(* Let $\Phi\subset\mathbb{R}^m$ be compact, let $Q\in\mathbb{R}^{n\times n}$ be symmetric positive definite, and let $g:\mathbb{R}^n\to\mathbb{R}^s$, $h:\mathbb{R}^n\to\mathbb{R}^q$ be continuous functions defining convex constraints, so that the feasible set $\mathcal{C}=\{x\in\mathbb{R}^n: g(x)\le 0,\ h(x)=0\}$ is convex. For $v\in\mathbb{R}^n$ let $\Pi^Q_{\mathcal{C}}(v)=\operatorname{argmin}_{w\in\mathcal{C}}\|w-v\|_Q^2$, where $\|x\|_Q=\sqrt{x^\top Qx}$. Let $\{f_\theta:\Phi\to\mathbb{R}^n\}_\theta$ be a family of neural networks that is a universal approximator, i.e. for every continuous $u:\Phi\to\mathbb{R}^n$ and every $\epsilon>0$ there is $\theta$ with $\sup_{\phi\in\Phi}\|u(\phi)-f_\theta(\phi)\|<\epsilon$. Then for every continuous target function $u:\Phi\to\mathcal{C}$ and every $\epsilon>0$ there exist network parameters $\theta$ such that $$\sup_{\phi\in\Phi}\big\|u(\phi)-\Pi^Q_{\mathcal{C}}(f_\theta(\phi))\big\|<\epsilon.$$ That is, the composition $\hat f_\theta=\Pi^Q_{\mathcal{C}}\circ f_\theta:\Phi\to\mathcal{C}$ is a universal approximator for continuous constraint-satisfying mappings.
   Context: In the paper's framework, $f_\theta(\phi)$ is the predicted mean $\mu_\theta(\phi)$ of a probabilistic model and $\Pi^Q_{\mathcal{C}}(f_\theta(\phi))$ is the projected (constrained) mean. *)

theory Defs
  imports "HOL-Analysis.Analysis"
begin

definition qnorm :: "real^'n^'n \<Rightarrow> real^'n \<Rightarrow> real" where
  "qnorm Q x = sqrt (x \<bullet> (Q *v x))"

definition feasible :: "(real^'n \<Rightarrow> real^'s) \<Rightarrow> (real^'n \<Rightarrow> real^'q) \<Rightarrow> (real^'n) set" where
  "feasible g h = {x. (\<forall>i. g x $ i \<le> 0) \<and> h x = 0}"

definition projQ :: "real^'n^'n \<Rightarrow> (real^'n) set \<Rightarrow> real^'n \<Rightarrow> real^'n" where
  "projQ Q C v = (SOME w. w \<in> C \<and> (\<forall>w'\<in>C. (qnorm Q (w - v))\<^sup>2 \<le> (qnorm Q (w' - v))\<^sup>2))"

definition sup_dist :: "'a set \<Rightarrow> ('a \<Rightarrow> 'b::real_normed_vector) \<Rightarrow> ('a \<Rightarrow> 'b) \<Rightarrow> ereal" where
  "sup_dist A F G = (SUP x\<in>A. ereal (norm (F x - G x)))"

end

theory Submission
  imports Defs
begin

text \<open>For symmetric positive definite \<open>Q\<close> there are constants \<open>a, K > 0\<close> with
  \<open>a \<parallel>x\<parallel>\<^sup>2 \<le> x\<^sup>T Q x\<close> and \<open>\<parallel>Q x\<parallel> \<le> K \<parallel>x\<parallel>\<close>. Combining the variational inequalities
  characterising the \<open>Q\<close>-nearest points \<open>p\<^sub>1, p\<^sub>2\<close> of \<open>v\<^sub>1, v\<^sub>2\<close> in a convex set gives
  \<open>(p\<^sub>1 - p\<^sub>2)\<^sup>T Q (p\<^sub>1 - p\<^sub>2) \<le> (v\<^sub>1 - v\<^sub>2)\<^sup>T Q (p\<^sub>1 - p\<^sub>2)\<close>, so the projection is Lipschitz with
  constant \<open>K / a\<close> in the Euclidean norm. Since it fixes the feasible set, which is closed,
  \<open>\<parallel>u(\<phi>) - \<Pi>(f\<^sub>\<theta>(\<phi>))\<parallel> = \<parallel>\<Pi>(u(\<phi>)) - \<Pi>(f\<^sub>\<theta>(\<phi>))\<parallel> \<le> (K / a) \<parallel>u(\<phi>) - f\<^sub>\<theta>(\<phi>)\<parallel>\<close>, and it suffices
  to approximate \<open>u\<close> by a network uniformly within \<open>\<epsilon> a / (2 K)\<close>.\<close>

definition Q_nearest :: "real^'n^'n \<Rightarrow> (real^'n) set \<Rightarrow> real^'n \<Rightarrow> real^'n \<Rightarrow> bool" where
  "Q_nearest Q C v p \<longleftrightarrow>
     p \<in> C \<and> (\<forall>w\<in>C. (p - v) \<bullet> (Q *v (p - v)) \<le> (w - v) \<bullet> (Q *v (w - v)))"

lemma inner_matrix_vector_commute:
  fixes Q :: "real^'n^'n"
  assumes "transpose Q = Q"
  shows "x \<bullet> (Q *v y) = y \<bullet> (Q *v x)"
proof -
  have "x \<bullet> (Q *v y) = (transpose Q *v x) \<bullet> y" by (simp add: dot_lmul_matrix)
  then show ?thesis using assms by (simp add: inner_commute)
qed

lemma pos_def_quadratic_form_ge:
  fixes Q :: "real^'n^'n"
  assumes pos_def: "\<forall>x. x \<noteq> 0 \<longrightarrow> x \<bullet> (Q *v x) > 0"
  obtains a where "a > 0" "\<And>x. a * (norm x)\<^sup>2 \<le> x \<bullet> (Q *v x)"
proof -
  have "continuous_on (sphere 0 1) (\<lambda>x::real^'n. x \<bullet> (Q *v x))"
    by (intro continuous_intros bounded_linear.continuous_on[OF matrix_vector_mul_bounded_linear])
  moreover have "sphere (0::real^'n) 1 \<noteq> {}" by simp
  ultimately obtain x0 where x0: "x0 \<in> sphere 0 1"
    and min: "\<And>y. y \<in> sphere 0 1 \<Longrightarrow> x0 \<bullet> (Q *v x0) \<le> y \<bullet> (Q *v y)"
    using continuous_attains_inf[OF compact_sphere] by blast
  define a where "a = x0 \<bullet> (Q *v x0)"
  have "x0 \<noteq> 0" using x0 by auto
  then have "a > 0" using pos_def unfolding a_def by blast
  moreover have "a * (norm x)\<^sup>2 \<le> x \<bullet> (Q *v x)" for x
  proof (cases "x = 0")
    case False
    have "(1 / norm x) *\<^sub>R x \<in> sphere 0 1" using False by simp
    then have "a \<le> (1 / norm x)\<^sup>2 * (x \<bullet> (Q *v x))"
      using min unfolding a_def by (fastforce simp: matrix_vector_mult_scaleR power2_eq_square)
    then show ?thesis using False by (simp add: field_simps)
  qed simp
  ultimately show thesis using that by blast
qed

lemma Q_nearest_variational_inequality:
  fixes Q :: "real^'n^'n"
  assumes sym: "transpose Q = Q" and psd: "\<And>x. 0 \<le> x \<bullet> (Q *v x)"
    and "convex C" and p: "Q_nearest Q C v p" and "c \<in> C"
  shows "0 \<le> (p - v) \<bullet> (Q *v (c - p))"
proof (rule ccontr)
  define d where "d = (p - v) \<bullet> (Q *v (c - p))"
  define e where "e = (c - p) \<bullet> (Q *v (c - p))"
  assume "\<not> ?thesis"
  then have "d < 0" unfolding d_def by simp
  have "e \<ge> 0" using psd unfolding e_def by blast
  text \<open>A small step from \<open>p\<close> towards \<open>c\<close> changes the objective by \<open>2 t d + t\<^sup>2 e < 0\<close>.\<close>
  define t where "t = min 1 (- d / (e + 1))"
  have t: "0 < t" "t \<le> 1" using \<open>d < 0\<close> \<open>e \<ge> 0\<close> unfolding t_def by (auto simp: divide_neg_pos)
  have "t * e \<le> - d / (e + 1) * e" using \<open>e \<ge> 0\<close> unfolding t_def by (intro mult_right_mono) auto
  also have "\<dots> \<le> - d" using \<open>e \<ge> 0\<close> \<open>d < 0\<close> by (simp add: field_simps)
  finally have "2 * d + t * e < 0" using \<open>d < 0\<close> by linarith
  have "(1 - t) *\<^sub>R p + t *\<^sub>R c \<in> C"
    using \<open>convex C\<close> \<open>c \<in> C\<close> p t unfolding Q_nearest_def by (intro convexD) auto
  moreover have "(1 - t) *\<^sub>R p + t *\<^sub>R c - v = (p - v) + t *\<^sub>R (c - p)" by (simp add: algebra_simps)
  ultimately have "(p - v) \<bullet> (Q *v (p - v))
      \<le> ((p - v) + t *\<^sub>R (c - p)) \<bullet> (Q *v ((p - v) + t *\<^sub>R (c - p)))"
    using p unfolding Q_nearest_def by metis
  also have "\<dots> = (p - v) \<bullet> (Q *v (p - v)) + t * d + t * ((c - p) \<bullet> (Q *v (p - v))) + t * t * e"
    unfolding d_def e_def
    by (simp add: matrix_vector_right_distrib matrix_vector_mult_scaleR
        inner_add_left inner_add_right algebra_simps)
  also have "\<dots> = (p - v) \<bullet> (Q *v (p - v)) + t * (2 * d + t * e)"
    unfolding inner_matrix_vector_commute[OF sym, of "c - p"] d_def[symmetric]
    by (simp add: algebra_simps)
  finally have "0 \<le> t * (2 * d + t * e)" by simp
  then show False using t \<open>2 * d + t * e < 0\<close> by (simp add: zero_le_mult_iff)
qed

lemma Q_nearest_lipschitz:
  fixes Q :: "real^'n^'n"
  assumes sym: "transpose Q = Q" and "convex C"
    and a: "0 < a" "\<And>x. a * (norm x)\<^sup>2 \<le> x \<bullet> (Q *v x)"
    and K: "\<And>x. norm (Q *v x) \<le> K * norm x"
    and p1: "Q_nearest Q C v1 p1" and p2: "Q_nearest Q C v2 p2"
  shows "norm (p1 - p2) \<le> K / a * norm (v1 - v2)"
proof -
  define d where "d = p1 - p2"
  define w where "w = v1 - v2"
  have psd: "0 \<le> x \<bullet> (Q *v x)" for x by (rule order_trans[OF _ a(2)]) (use a(1) in simp)
  have "p1 \<in> C" "p2 \<in> C" using p1 p2 by (simp_all add: Q_nearest_def)
  then have "0 \<le> (p1 - v1) \<bullet> (Q *v (p2 - p1))" "0 \<le> (p2 - v2) \<bullet> (Q *v (p1 - p2))"
    by (auto intro: Q_nearest_variational_inequality[OF sym psd \<open>convex C\<close> p1]
        Q_nearest_variational_inequality[OF sym psd \<open>convex C\<close> p2])
  then have "(d - w) \<bullet> (Q *v d) \<le> 0"
    unfolding d_def w_def
    by (simp add: matrix_vector_mult_diff_distrib inner_diff_left inner_diff_right algebra_simps)
  then have "d \<bullet> (Q *v d) \<le> w \<bullet> (Q *v d)" by (simp add: inner_diff_left)
  also have "\<dots> \<le> norm w * norm (Q *v d)" by (rule norm_cauchy_schwarz)
  also have "\<dots> \<le> norm w * (K * norm d)" using K by (simp add: mult_left_mono)
  finally have "a * norm d * norm d \<le> (K * norm w) * norm d"
    using a(2)[of d] by (simp add: power2_eq_square algebra_simps)
  moreover have "0 \<le> K * norm w" using K[of w] norm_ge_zero order_trans by blast
  ultimately have "a * norm d \<le> K * norm w"
    by (cases "d = 0") (auto simp: mult_le_cancel_right)
  then show ?thesis using a(1) unfolding d_def w_def by (simp add: field_simps)
qed

lemma Q_nearest_exists:
  fixes Q :: "real^'n^'n"
  assumes a: "0 < a" "\<And>x. a * (norm x)\<^sup>2 \<le> x \<bullet> (Q *v x)"
    and "closed C" "C \<noteq> {}"
  obtains p where "Q_nearest Q C v p"
proof -
  define F where "F = (\<lambda>w::real^'n. (w - v) \<bullet> (Q *v (w - v)))"
  have contF: "continuous_on UNIV F" unfolding F_def
    by (intro continuous_intros bounded_linear.continuous_on[OF matrix_vector_mul_bounded_linear])
  obtain w0 where "w0 \<in> C" using assms by blast
  text \<open>Restrict to a sublevel set, which is compact by coercivity.\<close>
  define S where "S = C \<inter> {w. F w \<le> F w0}"
  have "S \<subseteq> cball v (sqrt (F w0 / a))"
  proof
    fix w assume "w \<in> S"
    then have "a * (norm (w - v))\<^sup>2 \<le> F w0"
      using a(2) unfolding S_def F_def by (meson IntD2 mem_Collect_eq order_trans)
    then have "(norm (w - v))\<^sup>2 \<le> F w0 / a" using a(1) by (simp add: field_simps)
    then show "w \<in> cball v (sqrt (F w0 / a))" by (simp add: dist_norm norm_minus_commute real_le_rsqrt)
  qed
  moreover have "closed S" unfolding S_def
    using \<open>closed C\<close> contF by (intro closed_Int closed_Collect_le) auto
  ultimately have "compact S" by (metis bounded_cball bounded_subset compact_eq_bounded_closed)
  moreover have "S \<noteq> {}" using \<open>w0 \<in> C\<close> unfolding S_def by auto
  ultimately obtain p where "p \<in> S" "\<And>y. y \<in> S \<Longrightarrow> F p \<le> F y"
    using continuous_attains_inf continuous_on_subset[OF contF] by (metis subset_UNIV)
  then have "Q_nearest Q C v p" unfolding Q_nearest_def S_def F_def by force
  then show thesis using that by blast
qed

lemma Q_nearest_projQ:
  fixes Q :: "real^'n^'n"
  assumes "0 < a" "\<And>x. a * (norm x)\<^sup>2 \<le> x \<bullet> (Q *v x)"
    and "closed C" "C \<noteq> {}"
  shows "Q_nearest Q C v (projQ Q C v)"
proof -
  have "(qnorm Q x)\<^sup>2 = x \<bullet> (Q *v x)" for x
    using order_trans[OF _ assms(2)[of x]] assms(1) unfolding qnorm_def by simp
  then have "projQ Q C v = (SOME p. Q_nearest Q C v p)"
    unfolding projQ_def Q_nearest_def by simp
  then show ?thesis using Q_nearest_exists[OF assms] by (metis someI)
qed

lemma norm_diff_projQ_le:
  fixes Q :: "real^'n^'n"
  assumes sym: "transpose Q = Q" and pos_def: "\<forall>x. x \<noteq> 0 \<longrightarrow> x \<bullet> (Q *v x) > 0"
    and "closed C" "convex C"
  obtains L where "0 < L" "\<And>c v. c \<in> C \<Longrightarrow> norm (c - projQ Q C v) \<le> L * norm (c - v)"
proof -
  obtain a where a: "0 < a" "\<And>x. a * (norm x)\<^sup>2 \<le> x \<bullet> (Q *v x)"
    using pos_def_quadratic_form_ge[OF pos_def] by blast
  obtain K where K: "0 < K" "\<And>x. norm (Q *v x) \<le> norm x * K"
    using bounded_linear.pos_bounded[OF matrix_vector_mul_bounded_linear] by blast
  have "norm (c - projQ Q C v) \<le> K / a * norm (c - v)" if "c \<in> C" for c v
  proof (rule Q_nearest_lipschitz[OF sym \<open>convex C\<close> a])
    show "norm (Q *v x) \<le> K * norm x" for x using K(2) by (simp add: mult.commute)
    show "Q_nearest Q C c c"
      using \<open>c \<in> C\<close> order_trans[OF _ a(2)] a(1) unfolding Q_nearest_def by simp
    show "Q_nearest Q C v (projQ Q C v)"
      using Q_nearest_projQ[OF a \<open>closed C\<close>] \<open>c \<in> C\<close> by blast
  qed
  moreover have "0 < K / a" using a(1) K(1) by simp
  ultimately show thesis using that by blast
qed

lemma closed_feasible:
  assumes "continuous_on UNIV g" "continuous_on UNIV h"
  shows "closed (feasible g h)"
  unfolding feasible_def
  by (intro closed_Collect_conj closed_Collect_all closed_Collect_le closed_Collect_eq
      continuous_intros assms)

lemma sup_dist_le_scaled:
  assumes "0 \<le> L" "\<And>x. x \<in> A \<Longrightarrow> norm (F x - H x) \<le> L * norm (F x - G x)"
    and "sup_dist A F G < ereal \<delta>"
  shows "sup_dist A F H \<le> ereal (L * \<delta>)"
  unfolding sup_dist_def
proof (rule SUP_least)
  fix x assume "x \<in> A"
  then have "ereal (norm (F x - G x)) < ereal \<delta>"
    using assms(3) unfolding sup_dist_def by (meson SUP_upper le_less_trans)
  then show "ereal (norm (F x - H x)) \<le> ereal (L * \<delta>)"
    using assms(1) assms(2)[OF \<open>x \<in> A\<close>] by (simp add: mult_left_mono order_trans)
qed

theorem theorem2:
  fixes \<Phi> :: "(real^'m) set"
    and Q :: "real^'n^'n"
    and g :: "real^'n \<Rightarrow> real^'s"
    and h :: "real^'n \<Rightarrow> real^'q"
    and f :: "'theta \<Rightarrow> real^'m \<Rightarrow> real^'n"
  assumes "compact \<Phi>"
    and "transpose Q = Q"
    and "\<forall>x. x \<noteq> 0 \<longrightarrow> x \<bullet> (Q *v x) > 0"
    and "continuous_on UNIV g" and "continuous_on UNIV h"
    and "convex (feasible g h)"
    and "\<forall>u :: real^'m \<Rightarrow> real^'n. continuous_on \<Phi> u \<longrightarrow>
           (\<forall>\<epsilon>>0. \<exists>\<theta>. sup_dist \<Phi> u (f \<theta>) < ereal \<epsilon>)"
  shows "\<forall>u :: real^'m \<Rightarrow> real^'n. continuous_on \<Phi> u \<and> u ` \<Phi> \<subseteq> feasible g h \<longrightarrow>
           (\<forall>\<epsilon>>0. \<exists>\<theta>. sup_dist \<Phi> u (\<lambda>\<phi>. projQ Q (feasible g h) (f \<theta> \<phi>)) < ereal \<epsilon>)"
proof (intro allI impI)
  fix u :: "real^'m \<Rightarrow> real^'n" and \<epsilon> :: real
  assume u: "continuous_on \<Phi> u \<and> u ` \<Phi> \<subseteq> feasible g h" and "\<epsilon> > 0"
  obtain L where L: "0 < L"
    "\<And>c v. c \<in> feasible g h \<Longrightarrow> norm (c - projQ Q (feasible g h) v) \<le> L * norm (c - v)"
    using norm_diff_projQ_le[OF assms(2,3) closed_feasible[OF assms(4,5)] assms(6)] by blast
  have "\<epsilon> / (2 * L) > 0" using \<open>\<epsilon> > 0\<close> \<open>0 < L\<close> by simp
  then obtain \<theta> where "sup_dist \<Phi> u (f \<theta>) < ereal (\<epsilon> / (2 * L))"
    using assms(7) u by blast
  then have "sup_dist \<Phi> u (\<lambda>\<phi>. projQ Q (feasible g h) (f \<theta> \<phi>)) \<le> ereal (L * (\<epsilon> / (2 * L)))"
    using L u by (intro sup_dist_le_scaled) auto
  also have "\<dots> < ereal \<epsilon>" using \<open>\<epsilon> > 0\<close> \<open>0 < L\<close> by simp
  finally show "\<exists>\<theta>. sup_dist \<Phi> u (\<lambda>\<phi>. projQ Q (feasible g h) (f \<theta> \<phi>)) < ereal \<epsilon>" by blast
qed

end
****
[The task]
The number of lines containing "shows" is all that is wanted; tally them in the data.

[Answer box]
7